Es evidente que no todos los políticos son malos ni patrioteros. Pero los infectados con patrioterismo barato y simultáneamente depredador, son suficientes como para crear mala fama a algo que es necesario en todo país, y urgente en naciones con graves problemas como la nuestra: la política enfocada al bien común. Y es que el patrioterismo no es más que el encubrimiento de diversas enfermedades de la política que se unen para deformarla y convertirla en una actividad tan individual como egoísta. Contribuyen a deformar la política los funcionarios corruptos que solo buscan dinero, y se olvidan de los salarios miserables de la gente, mientras se oponen a subir el salario mínimo. Les siguen los que tienen una mentalidad cuadrada, de derechas o de izquierdas, incapaces de ver con realismo nuestra propia realidad nacional si no pasa por los lentes de su ideología.

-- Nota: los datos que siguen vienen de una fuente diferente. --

(* Let $n\ge1$, let $f_1,\dots,f_n:\mathbb{R}^d\to\mathbb{R}$ be $L$-smooth (i.e. $\|\nabla f_i(x)-\nabla f_i(y)\|\le L\|x-y\|$ for all $x,y$), and $f=\frac1n\sum_i f_i$. Let $x_0,\dots,x_{T-1}$, $\nabla_0,\dots,\nabla_{T-1}$ and $\gamma_0,\dots,\gamma_{T-1}$ be the iterates, gradient estimators and step-sizes produced by AdaSpider (described in the context) with input $x_0$, $\beta_0>0$, $G_0>0$. Then \[ \mathbb{E}\Big[\sum_{t=0}^{T-1}\gamma_t\|\nabla_t-\nabla f(x_t)\|^2\Big]\le L^2n\,\mathbb{E}\Big[\sum_{t=0}^{T-1}\gamma_t^3\|\nabla_t\|^2\Big]. \]
   Context: $\|\cdot\|$ is the Euclidean norm. AdaSpider: input $x_0\in\mathbb{R}^d$, $\beta_0>0$, $G_0>0$, horizon $T\ge1$. For $t=0,1,\dots,T-1$: if $t \bmod n=0$, set $\nabla_t:=\nabla f(x_t)$; otherwise pick $i_t\in\{1,\dots,n\}$ uniformly at random (independently of the past) and set $\nabla_t:=\nabla f_{i_t}(x_t)-\nabla f_{i_t}(x_{t-1})+\nabla_{t-1}$. Then set $\gamma_t:=1\big/\big(n^{1/4}\beta_0\sqrt{n^{1/2}G_0^2+\sum_{s=0}^t\|\nabla_s\|^2}\big)$ and $x_{t+1}:=x_t-\gamma_t\nabla_t$. *)

theory Defs
  imports "HOL-Analysis.Analysis" "HOL-Probability.Probability"
begin

definition ada_stepsize :: "nat \<Rightarrow> real \<Rightarrow> real \<Rightarrow> real \<Rightarrow> real" where
  "ada_stepsize n \<beta>0 G0 S = 1 / (root 4 (real n) * \<beta>0 * sqrt (sqrt (real n) * G0\<^sup>2 + S))"

text \<open>State of AdaSpider at time t: (x_t, nabla_t, sum_{s<=t} |nabla_s|^2), for a
  given realisation \<omega> of the random indices (\<omega> t = i_t, used when t mod n \<noteq> 0).
  g i is the gradient of f_i, gF the gradient of f.\<close>
fun ada_state :: "nat \<Rightarrow> (nat \<Rightarrow> 'a::euclidean_space \<Rightarrow> 'a) \<Rightarrow> ('a \<Rightarrow> 'a) \<Rightarrow> 'a \<Rightarrow> real \<Rightarrow> real
    \<Rightarrow> (nat \<Rightarrow> nat) \<Rightarrow> nat \<Rightarrow> 'a \<times> 'a \<times> real" where
  "ada_state n g gF x0 \<beta>0 G0 \<omega> 0 = (x0, gF x0, (norm (gF x0))\<^sup>2)"
| "ada_state n g gF x0 \<beta>0 G0 \<omega> (Suc t) =
     (let (x, d, S) = ada_state n g gF x0 \<beta>0 G0 \<omega> t;
          x' = x - ada_stepsize n \<beta>0 G0 S *\<^sub>R d;
          d' = (if Suc t mod n = 0 then gF x'
                else g (\<omega> (Suc t)) x' - g (\<omega> (Suc t)) x + d)
      in (x', d', S + (norm d')\<^sup>2))"

definition ada_x where "ada_x n g gF x0 \<beta>0 G0 \<omega> t = fst (ada_state n g gF x0 \<beta>0 G0 \<omega> t)"
definition ada_grad where "ada_grad n g gF x0 \<beta>0 G0 \<omega> t = fst (snd (ada_state n g gF x0 \<beta>0 G0 \<omega> t))"
definition ada_gamma where
  "ada_gamma n g gF x0 \<beta>0 G0 \<omega> t = ada_stepsize n \<beta>0 G0 (snd (snd (ada_state n g gF x0 \<beta>0 G0 \<omega> t)))"

text \<open>Sample space: index sequences i_0..i_{T-1}, each uniform on {1..n}, independent.\<close>
definition ada_omega :: "nat \<Rightarrow> nat \<Rightarrow> (nat \<Rightarrow> nat) set" where
  "ada_omega n T = PiE {..<T} (\<lambda>_. {1..n})"

end

theory Submission
  imports Defs
begin
definition radj :: "'v::real_inner set \<Rightarrow> ('v \<Rightarrow> 'v) \<Rightarrow> 'v \<Rightarrow> 'v" where
  "radj U f w = (THE u. u \<in> U \<and> (\<forall>x\<in>U. inner (f x) w = inner x u))"

end

theory Submission
  imports Defs
begin

text \<open>If no matching pairs an \<open>n\<close>-cell with an \<open>(n-1)\<close>-cell, a path of the reversed graph
  that starts below degree \<open>n\<close> stays below degree \<open>n\<close>: only reversed matched edges raise
  the degree, and none of them leads from degree \<open>n-1\<close> to \<open>n\<close>. Hence a path between
  \<open>n\<close>-cells starting at a critical cell is trivial (its first step goes down and it never
  comes back), and so is a path between \<open>(n-1)\<close>-cells ending at a critical cell (its last
  step would have to leave an \<open>n\<close>-cell).
  So at every stage \<open>\<Phi>\<close> is the identity on critical \<open>n\<close>-chains, and \<open>\<Psi>\<close> is, on
  \<open>(n-1)\<close>-chains, the orthogonal projection onto the critical \<open>(n-1)\<close>-cells. Part (1) follows
  because \<open>\<Psi>\<close> lands in critical chains. For part (2), the composite \<open>\<Psi>\<close> on
  \<open>(n-1)\<close>-chains is the orthogonal projection onto the finally critical cells; being
  self-adjoint, its adjoint lands in critical chains whatever the adjoint of \<open>\<Phi>\<close> produced.\<close>

section \<open>Orthogonal projections\<close>

lemma oproj_unique:
  fixes S :: "'v::real_inner set"
  assumes "subspace S" "p \<in> S" "\<And>s. s \<in> S \<Longrightarrow> inner (v - p) s = 0"
  shows "oproj S v = p"
  unfolding oproj_def
proof (rule the_equality)
  show "p \<in> S \<and> (\<forall>s\<in>S. inner (v - p) s = 0)" using assms by blast
next
  fix q assume q: "q \<in> S \<and> (\<forall>s\<in>S. inner (v - q) s = 0)"
  have "p - q \<in> S" using assms(1,2) q by (simp add: subspace_diff)
  moreover have "inner (p - q) (p - q) = inner (v - q) (p - q) - inner (v - p) (p - q)"
    by (simp add: algebra_simps inner_diff_left)
  ultimately have "inner (p - q) (p - q) = 0" using q assms(3) by simp
  then show "q = p" by simp
qed

lemma oproj_in_orth:
  fixes S :: "'v::euclidean_space set"
  assumes "subspace S"
  shows "oproj S v \<in> S \<and> (\<forall>s\<in>S. inner (v - oproj S v) s = 0)"
proof -
  obtain y z where "y \<in> span S" and z: "\<And>w. w \<in> span S \<Longrightarrow> orthogonal z w" and "v = y + z"
    using orthogonal_subspace_decomp_exists by blast
  have y: "y \<in> S" using \<open>y \<in> span S\<close> assms by (metis span_eq_iff)
  have "\<forall>s\<in>S. inner (v - y) s = 0"
    using z \<open>v = y + z\<close> span_superset by (force simp: orthogonal_def)
  then show ?thesis using oproj_unique[OF assms y] y by auto
qed

lemma oproj_in:
  fixes S :: "'v::euclidean_space set"
  shows "subspace S \<Longrightarrow> oproj S v \<in> S"
  using oproj_in_orth by blast

lemma oproj_orth:
  fixes S :: "'v::euclidean_space set"
  shows "subspace S \<Longrightarrow> s \<in> S \<Longrightarrow> inner (v - oproj S v) s = 0"
  using oproj_in_orth by blast

lemma oproj_eq_0:
  fixes S :: "'v::real_inner set"
  assumes "subspace S" "\<And>s. s \<in> S \<Longrightarrow> inner v s = 0"
  shows "oproj S v = 0"
  using assms by (intro oproj_unique) (auto simp: subspace_0)

lemma oproj_0:
  fixes S :: "'v::real_inner set"
  shows "subspace S \<Longrightarrow> oproj S 0 = 0"
  by (rule oproj_eq_0) auto

lemma oproj_cong_orth:
  fixes S :: "'v::euclidean_space set"
  assumes "subspace S" "\<And>s. s \<in> S \<Longrightarrow> inner (x - y) s = 0"
  shows "oproj S x = oproj S y"
proof (rule oproj_unique[OF assms(1) oproj_in[OF assms(1)]])
  fix s assume "s \<in> S"
  then show "inner (x - oproj S y) s = 0"
    using assms(2)[of s] oproj_orth[OF assms(1), of s y] by (simp add: inner_diff_left)
qed

lemma oproj_self_adjoint:
  fixes S :: "'v::euclidean_space set"
  assumes "subspace S"
  shows "inner (oproj S x) y = inner x (oproj S y)"
proof -
  have "inner (oproj S x) y = inner (oproj S x) (oproj S y) + inner (y - oproj S y) (oproj S x)"
    by (simp add: inner_diff_left inner_diff_right inner_commute)
  also have "\<dots> = inner x (oproj S y) - inner (x - oproj S x) (oproj S y)"
    using oproj_orth[OF assms oproj_in[OF assms]] by (simp add: inner_diff_left)
  also have "\<dots> = inner x (oproj S y)"
    using oproj_orth[OF assms oproj_in[OF assms]] by simp
  finally show ?thesis .
qed

lemma radj_eqI:
  fixes U :: "'v::real_inner set"
  assumes "subspace U" "u \<in> U" "\<And>x. x \<in> U \<Longrightarrow> inner (f x) w = inner x u"
  shows "radj U f w = u"
  unfolding radj_def
proof (rule the_equality)
  show "u \<in> U \<and> (\<forall>x\<in>U. inner (f x) w = inner x u)" using assms(2,3) by blast
next
  fix u' assume u': "u' \<in> U \<and> (\<forall>x\<in>U. inner (f x) w = inner x u')"
  then have "u' - u \<in> U" using assms(1,2) by (simp add: subspace_diff)
  then have "inner (u' - u) u' = inner (u' - u) u" using u' assms(3) by simp
  then have "inner (u' - u) (u' - u) = 0" by (simp add: inner_diff_right)
  then show "u' = u" by simp
qed

section \<open>Orthogonal families of subspaces\<close>

definition orth_family :: "'c set \<Rightarrow> ('c \<Rightarrow> 'v::real_inner set) \<Rightarrow> bool" where
  "orth_family A S \<longleftrightarrow> (\<forall>a\<in>A. subspace (S a)) \<and>
     (\<forall>a\<in>A. \<forall>a'\<in>A. a \<noteq> a' \<longrightarrow> (\<forall>x\<in>S a. \<forall>y\<in>S a'. inner x y = 0))"

lemma orth_family_subspace: "orth_family A S \<Longrightarrow> a \<in> A \<Longrightarrow> subspace (S a)"
  unfolding orth_family_def by blast

lemma orth_familyD:
  "orth_family A S \<Longrightarrow> a \<in> A \<Longrightarrow> b \<in> A \<Longrightarrow> a \<noteq> b \<Longrightarrow> x \<in> S a \<Longrightarrow> y \<in> S b \<Longrightarrow> inner x y = 0"
  unfolding orth_family_def by blast

lemma orth_family_subset: "orth_family A S \<Longrightarrow> B \<subseteq> A \<Longrightarrow> orth_family B S"
  unfolding orth_family_def by (meson subsetD)

lemma oproj_span_orth_family_eq_0:
  fixes S :: "'c \<Rightarrow> 'v::euclidean_space set"
  assumes "orth_family A S" "a \<in> A" "B \<subseteq> A" "a \<notin> B" "w \<in> span (\<Union>b\<in>B. S b)"
  shows "oproj (S a) w = 0"
proof (rule oproj_eq_0)
  show "subspace (S a)" by (rule orth_family_subspace[OF assms(1,2)])
next
  fix s assume s: "s \<in> S a"
  have "orthogonal s w"
  proof (rule orthogonal_to_span[OF assms(5)])
    fix x assume "x \<in> (\<Union>b\<in>B. S b)"
    then obtain b where "b \<in> B" "x \<in> S b" by blast
    moreover have "b \<in> A" "a \<noteq> b" using \<open>b \<in> B\<close> assms(3,4) by auto
    ultimately show "orthogonal s x"
      using orth_familyD[OF assms(1,2)] s unfolding orthogonal_def by blast
  qed
  then show "inner w s = 0" by (simp add: orthogonal_def inner_commute)
qed

lemma inner_sum_oproj_orth_family:
  fixes S :: "'c \<Rightarrow> 'v::euclidean_space set"
  assumes "finite A" "orth_family A S" "b \<in> A" "s \<in> S b"
  shows "inner (\<Sum>a\<in>A. oproj (S a) v) s = inner v s"
proof -
  note sub = orth_family_subspace[OF assms(2)]
  have "inner (oproj (S a) v) s = 0" if "a \<in> A - {b}" for a
    using orth_familyD[OF assms(2) _ assms(3) _ oproj_in[OF sub] assms(4)] that by blast
  then have "(\<Sum>a\<in>A - {b}. inner (oproj (S a) v) s) = 0" by (simp add: sum.neutral)
  then have "(\<Sum>a\<in>A. inner (oproj (S a) v) s) = inner (oproj (S b) v) s"
    using sum.remove[OF assms(1,3), of "\<lambda>a. inner (oproj (S a) v) s"] by simp
  also have "\<dots> = inner v s"
    using oproj_orth[OF sub[OF assms(3)] assms(4)] by (simp add: inner_diff_left)
  finally show ?thesis by (simp add: inner_sum_left)
qed

lemma oproj_sum_oproj:
  fixes S :: "'c \<Rightarrow> 'v::euclidean_space set"
  assumes "finite A" "orth_family A S" "b \<in> A"
  shows "oproj (S b) (\<Sum>a\<in>A. oproj (S a) v) = oproj (S b) v"
  using assms inner_sum_oproj_orth_family[OF assms]
  by (intro oproj_cong_orth) (auto simp: orth_family_def inner_diff_left)

lemma sum_oproj_span:
  fixes S :: "'c \<Rightarrow> 'v::euclidean_space set"
  assumes "finite A" "orth_family A S" "v \<in> span (\<Union>a\<in>A. S a)"
  shows "(\<Sum>a\<in>A. oproj (S a) v) = v"
proof -
  let ?d = "v - (\<Sum>a\<in>A. oproj (S a) v)"
  have "oproj (S a) v \<in> (\<Union>a\<in>A. S a)" if "a \<in> A" for a
    using that assms(2) oproj_in unfolding orth_family_def by blast
  then have "(\<Sum>a\<in>A. oproj (S a) v) \<in> span (\<Union>a\<in>A. S a)"
    by (meson span_base span_sum)
  then have "?d \<in> span (\<Union>a\<in>A. S a)" using assms(3) by (simp add: span_diff)
  moreover have "orthogonal ?d x" if "x \<in> (\<Union>a\<in>A. S a)" for x
    using that inner_sum_oproj_orth_family[OF assms(1,2)] by (auto simp: orthogonal_def inner_diff_left)
  ultimately have "orthogonal ?d ?d" by (rule orthogonal_to_span)
  then show ?thesis by (simp add: orthogonal_def)
qed

lemma sum_oproj_self_adjoint:
  fixes S :: "'c \<Rightarrow> 'v::euclidean_space set"
  assumes "\<And>a. a \<in> A \<Longrightarrow> subspace (S a)"
  shows "inner (\<Sum>a\<in>A. oproj (S a) x) y = inner x (\<Sum>a\<in>A. oproj (S a) y)"
  unfolding inner_sum_left inner_sum_right using oproj_self_adjoint[OF assms] by (rule sum.cong[OF refl])

section \<open>Chain groups and their orthogonal projections\<close>

definition weakly_based :: "('c, 'v::real_inner) bcx \<Rightarrow> bool" where
  "weakly_based X \<longleftrightarrow> finite (cells X) \<and> orth_family (cells X) (sp X) \<and> bd X 0 = 0"

lemma ortho_based_imp_weakly_based: "ortho_based X \<Longrightarrow> weakly_based X"
  by (simp add: ortho_based_def weakly_based_def orth_family_def linear_0)

lemma weakly_based_subspace: "weakly_based X \<Longrightarrow> a \<in> cells X \<Longrightarrow> subspace (sp X a)"
  unfolding weakly_based_def by (blast intro: orth_family_subspace)

lemma weakly_based_cells_of_deg:
  assumes "weakly_based X"
  shows "finite {a\<in>cells X. deg X a = d}" "orth_family {a\<in>cells X. deg X a = d} (sp X)"
  using assms by (auto simp: weakly_based_def intro: orth_family_subset)

lemma subspace_chain_grp: "subspace (chain_grp X d)"
  by (simp add: chain_grp_def)

definition chain_proj :: "('c, 'v::real_inner) bcx \<Rightarrow> nat \<Rightarrow> 'v \<Rightarrow> 'v" where
  "chain_proj X d v = (\<Sum>a\<in>{a\<in>cells X. deg X a = d}. oproj (sp X a) v)"

lemma chain_proj_in:
  fixes X :: "('c, 'v::euclidean_space) bcx"
  assumes "weakly_based X"
  shows "chain_proj X d v \<in> chain_grp X d"
proof -
  have "oproj (sp X a) v \<in> (\<Union>a\<in>{a\<in>cells X. deg X a = d}. sp X a)"
    if "a \<in> {a\<in>cells X. deg X a = d}" for a
    using that oproj_in[OF weakly_based_subspace[OF assms]] by blast
  then show ?thesis unfolding chain_proj_def chain_grp_def by (meson span_base span_sum)
qed

lemma chain_proj_id:
  fixes X :: "('c, 'v::euclidean_space) bcx"
  assumes "weakly_based X" "v \<in> chain_grp X d"
  shows "chain_proj X d v = v"
  unfolding chain_proj_def
proof (rule sum_oproj_span[OF weakly_based_cells_of_deg[OF assms(1)]])
  show "v \<in> span (\<Union>a\<in>{a\<in>cells X. deg X a = d}. sp X a)"
    using assms(2) by (simp add: chain_grp_def)
qed

lemma chain_proj_self_adjoint:
  fixes X :: "('c, 'v::euclidean_space) bcx"
  shows "weakly_based X \<Longrightarrow> inner (chain_proj X d x) y = inner x (chain_proj X d y)"
  unfolding chain_proj_def by (rule sum_oproj_self_adjoint) (simp add: weakly_based_subspace)

lemma oproj_chain_grp_other_deg:
  fixes X :: "('c, 'v::euclidean_space) bcx"
  assumes "weakly_based X" "v \<in> chain_grp X d" "a \<in> cells X" "deg X a \<noteq> d"
  shows "oproj (sp X a) v = 0"
proof (rule oproj_span_orth_family_eq_0[where B = "{b\<in>cells X. deg X b = d}"])
  show "orth_family (cells X) (sp X)" using assms(1) by (simp add: weakly_based_def)
  show "v \<in> span (\<Union>b\<in>{b\<in>cells X. deg X b = d}. sp X b)"
    using assms(2) by (simp add: chain_grp_def)
qed (use assms(3,4) in auto)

Les acompañan los que buscan soluciones fáciles, con capacidad de llenar noticieros y distraer de los problemas de fondo, más difíciles de solucionar. Y ponen la guinda en el pastel los mentirosos, que consideran el engaño como una de las mejores armas de la política, poniendo en práctica aquello que decía Maquiavelo de que “quien engaña encontrará siempre quien se deje engañar”.
Celebrar el mes de la patria, de la independencia, no puede ser un festival de tambores y ruido, desfiles y palillonas, frases bonitas, colores y exhibición de armas de guerra. Es un mes que debe utilizarse para contemplar nuestra realidad, evaluarla, y definir caminos de desarrollo social y convivencia pacífica. Los desfiles y la bulla terminan pronto. Y al final no queda más que esperar al año siguiente para volver a repetir, en el mejor de los casos, frases poéticas como las de la Marcha Triunfal de Rubén Darío. Y decimos en el mejor de los casos, porque la generalidad de los discursos ni tiene un contenido decente ni pasa un examen de literatura. Mentir gritando nunca ha sido la mejor de las costumbres ciudadanas y sólo ha conseguido pasar a la historia del ridículo. Necesitamos que el patriotismo de la mayoría de nuestra gente se centre en exigencias sociales, económicas y culturales, se eleve sobre la cháchara dominante de la política y fuerce a los políticos a reconocer sus responsabilidades en la construcción de un orden más justo, más equitativo y más pacífico. Si el quince de Septiembre nos ayudara a poner en evidencia a los políticos patrioteros, avanzaríamos mucho más fácilmente hacia el desarrollo que necesitamos.